Collected data
+--

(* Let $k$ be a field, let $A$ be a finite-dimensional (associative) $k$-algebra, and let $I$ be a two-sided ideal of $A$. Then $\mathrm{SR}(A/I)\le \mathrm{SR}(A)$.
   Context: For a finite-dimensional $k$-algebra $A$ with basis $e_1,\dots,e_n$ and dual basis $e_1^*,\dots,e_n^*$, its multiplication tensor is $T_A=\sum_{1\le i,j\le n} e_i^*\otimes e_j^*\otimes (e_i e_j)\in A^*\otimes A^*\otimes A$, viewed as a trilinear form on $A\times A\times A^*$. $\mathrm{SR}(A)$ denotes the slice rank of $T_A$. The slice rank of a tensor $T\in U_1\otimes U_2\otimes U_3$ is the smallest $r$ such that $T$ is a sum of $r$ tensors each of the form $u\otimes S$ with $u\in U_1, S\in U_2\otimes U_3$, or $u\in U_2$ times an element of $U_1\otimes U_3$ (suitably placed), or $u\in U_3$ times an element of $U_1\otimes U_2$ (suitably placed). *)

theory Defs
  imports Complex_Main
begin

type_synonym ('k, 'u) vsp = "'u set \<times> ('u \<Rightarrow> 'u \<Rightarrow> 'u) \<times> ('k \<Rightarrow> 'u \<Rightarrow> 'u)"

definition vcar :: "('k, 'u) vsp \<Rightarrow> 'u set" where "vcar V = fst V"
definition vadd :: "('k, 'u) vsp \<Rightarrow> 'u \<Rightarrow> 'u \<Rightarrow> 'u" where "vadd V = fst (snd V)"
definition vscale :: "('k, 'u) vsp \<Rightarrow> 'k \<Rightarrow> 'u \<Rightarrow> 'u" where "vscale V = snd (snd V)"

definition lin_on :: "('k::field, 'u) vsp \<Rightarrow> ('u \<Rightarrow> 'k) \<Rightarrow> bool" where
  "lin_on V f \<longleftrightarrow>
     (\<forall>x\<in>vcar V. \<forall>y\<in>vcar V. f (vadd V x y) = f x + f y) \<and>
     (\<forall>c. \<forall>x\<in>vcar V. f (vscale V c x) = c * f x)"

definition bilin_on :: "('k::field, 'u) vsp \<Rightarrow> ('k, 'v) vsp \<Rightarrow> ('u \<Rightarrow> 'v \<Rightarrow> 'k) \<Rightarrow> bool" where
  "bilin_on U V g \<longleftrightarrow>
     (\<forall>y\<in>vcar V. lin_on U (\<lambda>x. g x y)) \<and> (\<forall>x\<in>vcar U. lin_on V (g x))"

+--

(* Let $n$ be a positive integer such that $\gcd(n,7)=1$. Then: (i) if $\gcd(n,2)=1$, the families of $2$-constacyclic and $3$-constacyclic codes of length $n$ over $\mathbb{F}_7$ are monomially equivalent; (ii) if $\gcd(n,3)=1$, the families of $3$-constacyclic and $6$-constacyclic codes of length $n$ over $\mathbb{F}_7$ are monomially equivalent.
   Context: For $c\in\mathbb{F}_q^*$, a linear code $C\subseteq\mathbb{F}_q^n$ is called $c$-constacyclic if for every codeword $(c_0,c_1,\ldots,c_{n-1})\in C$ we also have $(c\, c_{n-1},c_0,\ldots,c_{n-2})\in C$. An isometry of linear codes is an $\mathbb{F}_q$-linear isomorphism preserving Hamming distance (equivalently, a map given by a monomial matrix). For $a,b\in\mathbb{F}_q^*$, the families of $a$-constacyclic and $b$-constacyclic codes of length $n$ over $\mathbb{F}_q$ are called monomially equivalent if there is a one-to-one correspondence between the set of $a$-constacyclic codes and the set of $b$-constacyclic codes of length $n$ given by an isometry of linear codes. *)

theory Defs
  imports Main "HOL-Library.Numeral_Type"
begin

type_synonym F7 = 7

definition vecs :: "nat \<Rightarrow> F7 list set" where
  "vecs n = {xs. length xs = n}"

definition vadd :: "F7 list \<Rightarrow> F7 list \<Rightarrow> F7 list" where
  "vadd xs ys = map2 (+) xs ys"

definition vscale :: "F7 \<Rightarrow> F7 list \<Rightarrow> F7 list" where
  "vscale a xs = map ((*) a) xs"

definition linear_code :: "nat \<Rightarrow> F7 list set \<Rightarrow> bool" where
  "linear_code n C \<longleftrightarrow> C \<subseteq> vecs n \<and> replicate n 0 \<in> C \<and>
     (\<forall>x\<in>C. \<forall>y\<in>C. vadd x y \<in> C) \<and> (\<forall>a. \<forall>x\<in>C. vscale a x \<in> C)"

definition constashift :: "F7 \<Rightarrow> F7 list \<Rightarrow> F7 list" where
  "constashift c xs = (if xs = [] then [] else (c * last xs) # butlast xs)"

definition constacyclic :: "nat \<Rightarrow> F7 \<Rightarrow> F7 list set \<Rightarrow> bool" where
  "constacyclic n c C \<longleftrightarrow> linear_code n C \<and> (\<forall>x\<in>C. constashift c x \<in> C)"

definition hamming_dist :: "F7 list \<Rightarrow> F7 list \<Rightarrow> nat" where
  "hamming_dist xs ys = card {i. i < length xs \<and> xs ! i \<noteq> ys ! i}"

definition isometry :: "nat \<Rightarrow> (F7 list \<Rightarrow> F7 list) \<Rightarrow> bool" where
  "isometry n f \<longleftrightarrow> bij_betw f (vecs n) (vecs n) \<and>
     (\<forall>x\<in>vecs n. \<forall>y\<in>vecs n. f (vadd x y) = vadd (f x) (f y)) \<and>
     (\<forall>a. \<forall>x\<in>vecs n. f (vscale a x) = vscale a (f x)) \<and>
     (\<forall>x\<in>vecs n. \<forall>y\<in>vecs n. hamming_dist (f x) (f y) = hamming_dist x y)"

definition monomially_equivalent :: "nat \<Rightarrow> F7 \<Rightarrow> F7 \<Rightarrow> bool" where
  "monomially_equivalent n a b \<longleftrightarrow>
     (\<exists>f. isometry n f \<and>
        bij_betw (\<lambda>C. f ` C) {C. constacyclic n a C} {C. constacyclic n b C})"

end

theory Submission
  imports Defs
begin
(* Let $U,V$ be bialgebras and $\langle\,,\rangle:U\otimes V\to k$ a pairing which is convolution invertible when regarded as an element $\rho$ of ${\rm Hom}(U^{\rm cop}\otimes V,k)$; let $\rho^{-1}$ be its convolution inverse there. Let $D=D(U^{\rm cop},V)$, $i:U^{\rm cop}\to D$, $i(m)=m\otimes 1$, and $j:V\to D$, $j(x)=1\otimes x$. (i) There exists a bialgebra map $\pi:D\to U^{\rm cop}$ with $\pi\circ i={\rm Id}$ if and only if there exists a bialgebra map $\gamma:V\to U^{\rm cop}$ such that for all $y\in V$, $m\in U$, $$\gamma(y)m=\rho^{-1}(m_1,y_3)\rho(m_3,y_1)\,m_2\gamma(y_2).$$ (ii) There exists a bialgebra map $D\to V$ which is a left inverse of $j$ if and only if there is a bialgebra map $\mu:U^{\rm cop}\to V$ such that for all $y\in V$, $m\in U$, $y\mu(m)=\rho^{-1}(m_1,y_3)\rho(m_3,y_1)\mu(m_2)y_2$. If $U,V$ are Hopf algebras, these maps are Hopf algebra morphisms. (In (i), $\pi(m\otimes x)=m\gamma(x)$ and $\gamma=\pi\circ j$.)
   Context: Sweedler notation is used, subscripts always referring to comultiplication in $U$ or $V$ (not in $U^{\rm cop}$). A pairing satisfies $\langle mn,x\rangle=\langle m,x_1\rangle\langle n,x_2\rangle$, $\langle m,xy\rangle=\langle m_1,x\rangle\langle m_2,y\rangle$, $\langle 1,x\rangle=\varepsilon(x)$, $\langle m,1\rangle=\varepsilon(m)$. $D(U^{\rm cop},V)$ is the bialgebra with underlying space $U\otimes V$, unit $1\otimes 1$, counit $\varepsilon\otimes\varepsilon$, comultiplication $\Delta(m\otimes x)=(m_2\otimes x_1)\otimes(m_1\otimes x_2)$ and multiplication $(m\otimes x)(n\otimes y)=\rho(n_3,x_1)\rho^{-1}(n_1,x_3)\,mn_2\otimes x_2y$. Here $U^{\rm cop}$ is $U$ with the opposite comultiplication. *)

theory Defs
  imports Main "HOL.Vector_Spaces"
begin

+--

WORK REQUEST:
Give back the records above exactly, limited to the lines between the one holding "V g \<longleftrightarrow>" and the one holding "(\<forall>y\<in>vcar V. lin_on", inclusive.

YOUR RESPONSE:
  "bilin_on U V g \<longleftrightarrow>
     (\<forall>y\<in>vcar V. lin_on U (\<lambda>x. g x y)) \<and> (\<forall>x\<in>vcar U. lin_on V (g x))"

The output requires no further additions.